Gergen served under President Richard Nixon as a speechwriting director, and under Presidents Gerald Ford and Ronald Regan as the White House communications director. Gergen then served as an official counselor to President Bill Clinton.
His speechwriting prowess shone during the 1980 presidential election. More from The New York Times:
It was Mr. Gergen who devised a line in the 1980 presidential election that helped secure victory for the Republican candidate, Ronald Reagan, over Jimmy Carter, the incumbent Democrat. In that era of high inflation, onerous interest rates and a national psyche wounded by Iran’s holding of 52 Americans hostage, Mr. Carter was already on the ropes. The clincher came in a televised debate a week before the election when Mr. Reagan asked viewers a Gergen-suggested question that hit political pay dirt: “Are you better off than you were four years ago?”
For many Americans, the answer was no.
“Rhetorical questions have great power,” Mr. Gergen said years later.
Gergen eventually became a commentator on shows including “The MacNeil/Lehrer NewsHour” on PBS, and as a political analyst on CNN.
In her December story in The Boston Globe, Barnett said her father spoke about the “period of fear” Americans are living in.
“We are going through a period of fear. People are terrified.

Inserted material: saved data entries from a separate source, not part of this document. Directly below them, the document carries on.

text \<open>The point a is a GF(q^2)-combination of the two rational points rep X and rep (t X)
  of the spread line [X].\<close>
lemma spread_line_ext_point:
  assumes "X \<noteq> 0" "X$3 = 0"
  obtains a where "a \<in> lspan UNIV (bb q t X)" "emb (t ^ q) a = 0" "emb t a = c *s X"
proof -
  have t0: "t \<noteq> 0"
    using t_notin_Fq by auto
  have real: "real_vec (rep X)" "real_vec (rep (t *s X))"
    using assms(2) by (simp_all add: real_vec_rep)
  have "t *s X \<noteq> 0"
    using assms(1) t0 by simp
  then have in_bb: "rep X \<in> bb q t X" "rep (t *s X) \<in> bb q t X"
    using real assms(1) t0 smult_mem_pcone_UNIV self_mem_pcone_UNIV
    by (auto simp: bb_def mem_real5_iff dest: arg_cong[where f = "emb t"])
  have "rep X \<noteq> rep (t *s X)"
  proof
    assume "rep X = rep (t *s X)"
    then have "X = t *s X"
      by (metis emb_rep)
    moreover obtain i where "X$i \<noteq> 0"
      using assms(1) by (auto simp: vec_eq_iff)
    ultimately have "t = 1"
      by (metis mult_cancel_right1 vector_smult_component)
    then show False
      using t_notin_Fq by simp
  qed
  define \<beta> where "\<beta> = c / (t - t ^ q)"
  define \<alpha> where "\<alpha> = - \<beta> * t ^ q"
  have "\<alpha> + \<beta> * t = \<beta> * (t - t ^ q)"
    by (simp add: \<alpha>_def algebra_simps)
  then have coeffs: "\<alpha> + \<beta> * t = c" "\<alpha> + \<beta> * t ^ q = 0"
    using t_frob_ne by (simp_all add: \<alpha>_def \<beta>_def)
  show thesis
  proof
    show "\<alpha> *s rep X + \<beta> *s rep (t *s X) \<in> lspan UNIV (bb q t X)"
      using in_bb \<open>rep X \<noteq> rep (t *s X)\<close> by (intro lspan_lincomb2) auto
    have "emb (t ^ q) (\<alpha> *s rep X + \<beta> *s rep (t *s X)) = (\<alpha> + \<beta> * t ^ q) *s conjv q X"
      by (simp add: emb_add emb_smult emb_frob_real real conjv_smult vec_eq_iff algebra_simps)
    then show "emb (t ^ q) (\<alpha> *s rep X + \<beta> *s rep (t *s X)) = 0"
      using coeffs by simp
    have "emb t (\<alpha> *s rep X + \<beta> *s rep (t *s X)) = (\<alpha> + \<beta> * t) *s X"
      by (simp add: emb_add emb_smult vec_eq_iff algebra_simps)
    then show "emb t (\<alpha> *s rep X + \<beta> *s rep (t *s X)) = c *s X"
      using coeffs by simp
  qed
qed

lemma mem_gpt_iff:
  assumes "X \<noteq> 0" "X$3 = 0"
  shows "a \<in> gpt q t X \<longleftrightarrow> a \<noteq> 0 \<and> emb (t ^ q) a = 0 \<and> (\<exists>c. emb t a = c *s X)"
proof
  assume a: "a \<in> gpt q t X"
  then have "a \<in> lspan UNIV (bb q t X)"
    by (simp add: gpt_def ext_def)
  then have "\<exists>c. emb t a = c *s X"
  proof (induction rule: lspan_induct)
    case zero
    show ?case
      by (intro exI[of _ 0]) simp
  next
    case (add x y)
    then show ?case
      by (metis emb_add vector_sadd_rdistrib)
  next
    case (smult d x)
    then show ?case
      by (metis emb_smult vector_smult_assoc)
  next
    case (base s)
    then show ?case
      by (auto simp: bb_def mem_pcone_UNIV_iff)
  qed
  with a show "a \<noteq> 0 \<and> emb (t ^ q) a = 0 \<and> (\<exists>c. emb t a = c *s X)"
    by (simp add: gpt_def mem_gline_iff)
next
  assume a: "a \<noteq> 0 \<and> emb (t ^ q) a = 0 \<and> (\<exists>c. emb t a = c *s X)"
  then obtain c where "emb t a = c *s X"
    by blast
  moreover obtain a' where "a' \<in> lspan UNIV (bb q t X)" "emb (t ^ q) a' = 0" "emb t a' = c *s X"
    using spread_line_ext_point[OF assms] .
  ultimately have "a = a'" "a' \<in> lspan UNIV (bb q t X)"
    using a emb_pair_inj[OF t_frob_ne[symmetric]] by auto
  then show "a \<in> gpt q t X"
    using a by (simp add: gpt_def ext_def mem_gline_iff)
qed

lemma dot3_conjv_real: "real_vec n \<Longrightarrow> dot3 n (conjv q w) = (dot3 n w) ^ q"
  by (simp add: dot3_def real_vec_def frob_add power_mult_distrib Fq_iff)

lemma join_gpt_imp_emb_multiples:
  assumes "R \<noteq> 0" "R $ 3 = 0" "S \<noteq> 0" "S $ 3 = 0"
    and "y \<in> join (gpt q t R) (conjv q ` gpt q t S)"
  shows "(\<exists>c. emb t y = c *s R) \<and> (\<exists>c. emb (t ^ q) y = c *s conjv q S)"
proof -
  have "y \<in> lspan UNIV (gpt q t R \<union> conjv q ` gpt q t S)"
    using assms(5) by (simp add: join_def)
  then show ?thesis
  proof (induction rule: lspan_induct)
    case zero
    show ?case
      by (metis emb_0 vector_smult_lzero)
  next
    case (add x y)
    then show ?case
      by (metis emb_add vector_sadd_rdistrib)
  next
    case (smult d x)
    then show ?case
      by (metis emb_smult vector_smult_assoc)
  next
    case (base s)
    then show ?case
    proof
      assume "s \<in> gpt q t R"
      then show ?thesis
        using assms(1,2) by (metis mem_gpt_iff vector_smult_lzero)
    next
      assume "s \<in> conjv q ` gpt q t S"
      then obtain a c where "s = conjv q a" "emb (t ^ q) a = 0" "emb t a = c *s S"
        using assms(3,4) mem_gpt_iff by blast
      then show ?thesis
        by (metis conjv_0 conjv_smult emb_conjv emb_frob_conjv vector_smult_lzero)
    qed
  qed
qed

lemma mem_join_gpt:
  assumes "R \<noteq> 0" "R $ 3 = 0" "S \<noteq> 0" "S $ 3 = 0"
    and y: "y \<noteq> 0" "emb t y = c *s R" "emb (t ^ q) y = c' *s conjv q S" and "c \<noteq> 0" "c' \<noteq> 0"
  shows "y \<in> join (gpt q t R) (conjv q ` gpt q t S)"
proof -
  obtain a where a: "emb (t ^ q) a = 0" "emb t a = c *s R"
    using spread_line_ext_point[OF assms(1,2)] by metis
  obtain b where b: "emb (t ^ q) b = 0" "emb t b = c' ^ q *s S"
    using spread_line_ext_point[OF assms(3,4)] by metis
  have "a \<in> gpt q t R" "b \<in> gpt q t S"
    using a b assms by (auto simp: mem_gpt_iff)
  moreover have "a \<noteq> conjv q b"
    using a b assms(1,8) by (auto simp: emb_conjv)
  moreover have "y = a + conjv q b"
    using a b y t_frob_ne
    by (intro emb_pair_inj[of t "t ^ q"]) (simp_all add: emb_add emb_conjv emb_frob_conjv conjv_smult)
  ultimately have "1 *s a + 1 *s conjv q b \<in> lspan UNIV (gpt q t R \<union> conjv q ` gpt q t S)"
    by (intro lspan_lincomb2) auto
  then show ?thesis
    using y(1) \<open>y = a + conjv q b\<close> by (simp add: join_def)
qed

end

We have been tested, we are being tested now, but we must recognize that politics in our country is like a pendulum,” Gergen told his daughter.
“We must hold onto the inspirational moments of our history and use them to light our path forward,” he added. “I keep thinking about Martin Luther King Jr.’s ‘I Have a Dream’ speech — and though we still have so far to go as a country, you could not have imagined everything that could have happened from that moment.”